You keep thinking that IT is the only group which is not understood. Let me put this really simply to people; if you do not directly contribute to revenue, management really doesn't know what you do or care what you do because they in all reality want to get rid of you because you are not bringing money in the door. Sorry, business, for the most part, is about measurable metrics.

Now, if you could show your management how you DIRECTLY adjusted that income stream, then they will learn your name a fucking hurry.
 
I'm just going into IT (entry level) and have heard this kind of stuff almost everywhere. I'm currently trying to come up with a new career path, soon. Is just seems too stressful and permanently under appreciated.

Eh ...., the only way to not be permanently under appreciated is to run your own business, it's still stressful though.

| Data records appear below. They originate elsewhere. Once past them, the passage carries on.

(* Let $a_1,\ldots,a_k$ be positive integers, $A=\sum_{j=1}^k a_j$, $n=k+3$, and $v=[4A+2;\,8a_1,\ldots,8a_k,\,1,\,1,\,1]$ (players $1,\ldots,n$). Let $v_{\&\{n-1,n\}}$ be the game in which players $n-1$ and $n$ merge into one player $\&\{n-1,n\}$ of weight $2$. Then $\beta_{\&\{n-1,n\}}(v_{\&\{n-1,n\}})>\beta_{n-1}(v)+\beta_n(v)$ if and only if there is a set $P\subseteq\{1,\ldots,k\}$ with $\sum_{j\in P}a_j=\sum_{j\notin P}a_j$.
   Context: A weighted voting game $[q;w_1,\ldots,w_n]$ has players $1,\ldots,n$ with nonnegative weights $w_j$ and quota $q$, $0<q\le\sum_jw_j$; a coalition $S$ is winning iff $\sum_{j\in S}w_j\ge q$. Player $j$ is critical in $S$ if $S$ is winning and $S\setminus\{j\}$ is losing; $\eta_j$ is the number of coalitions in which $j$ is critical, and the Banzhaf index is $\beta_j=\eta_j/\sum_k\eta_k$. Merging a set $T$ of players yields the WVG with the same quota in which the players of $T$ are replaced by a single player $\&T$ of weight $\sum_{j\in T}w_j$. *)

theory Defs
  imports Main "HOL.Real"
begin

definition winning :: "('p \<Rightarrow> real) \<Rightarrow> real \<Rightarrow> 'p set \<Rightarrow> bool" where
  "winning w q S \<longleftrightarrow> q \<le> (\<Sum>j\<in>S. w j)"

definition critical :: "('p \<Rightarrow> real) \<Rightarrow> real \<Rightarrow> 'p \<Rightarrow> 'p set \<Rightarrow> bool" where
  "critical w q j S \<longleftrightarrow> j \<in> S \<and> winning w q S \<and> \<not> winning w q (S - {j})"

definition eta :: "'p set \<Rightarrow> ('p \<Rightarrow> real) \<Rightarrow> real \<Rightarrow> 'p \<Rightarrow> nat" where
  "eta N w q j = card {S. S \<subseteq> N \<and> critical w q j S}"

definition banzhaf :: "'p set \<Rightarrow> ('p \<Rightarrow> real) \<Rightarrow> real \<Rightarrow> 'p \<Rightarrow> real" where
  "banzhaf N w q j = real (eta N w q j) / (\<Sum>k\<in>N. real (eta N w q k))"

text \<open>Merging the players of T into a single new player labelled t
  (t must not be a remaining player, i.e. t \<notin> N - T); the quota is unchanged.\<close>
definition merge_players :: "'p set \<Rightarrow> 'p set \<Rightarrow> 'p \<Rightarrow> 'p set" where
  "merge_players N T t = insert t (N - T)"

The very foundation of employment is underappreciation because you get paid less than the value you generate. That's what capitalism is all about.
 
Probably depends on the area. Around here, it is very difficult to find qualified IT employees. Qualified being the key. We've had a programmer position open at this company for over a year now, and a basic helpdesk support position open for 6 months. We get plenty of applicants, particularly for the helpdesk position, but none of them are qualified.
Which is so strange considering the offer of $10 an hour... :p
 
You keep thinking that IT is the only group which is not understood. Let me put this really simply to people; if you do not directly contribute to revenue, management really doesn't know what you do or care what you do because they in all reality want to get rid of you because you are not bringing money in the door. Sorry, business, for the most part, is about measurable metrics.

Now, if you could show your management how you DIRECTLY adjusted that income stream, then they will learn your name a fucking hurry.

Truth. But even with measurable metrics, it's really hard for some poor managers to understand anything but sales = revenue = profit. Coming from something like fraud, I've seen some incredibly dense people that couldn't comprehend that spending $1M/year to prevent $20M/year in losses was a good deal. "But you're spending $1M you didn't generate..." :rolleyes:
 
Which is so strange considering the offer of $10 an hour... :p

No one in our IT dept makes anywhere near that. It's quite a bit more. The compensation package is very competitive for this area. There just aren't enough qualified people looking for work. Hell, I think quality labor is hard to find in any line of work. Sure there are tons of unemployed people looking for work, but how many of them are really really good at what they do? How many people currently employed are really really good at what they do? I have a feeling it's a small minority, and everyone else just skates by. I don't do helpdesk anymore and haven't for almost a decade, but the amount of stupid I had to deal with was mind blowing.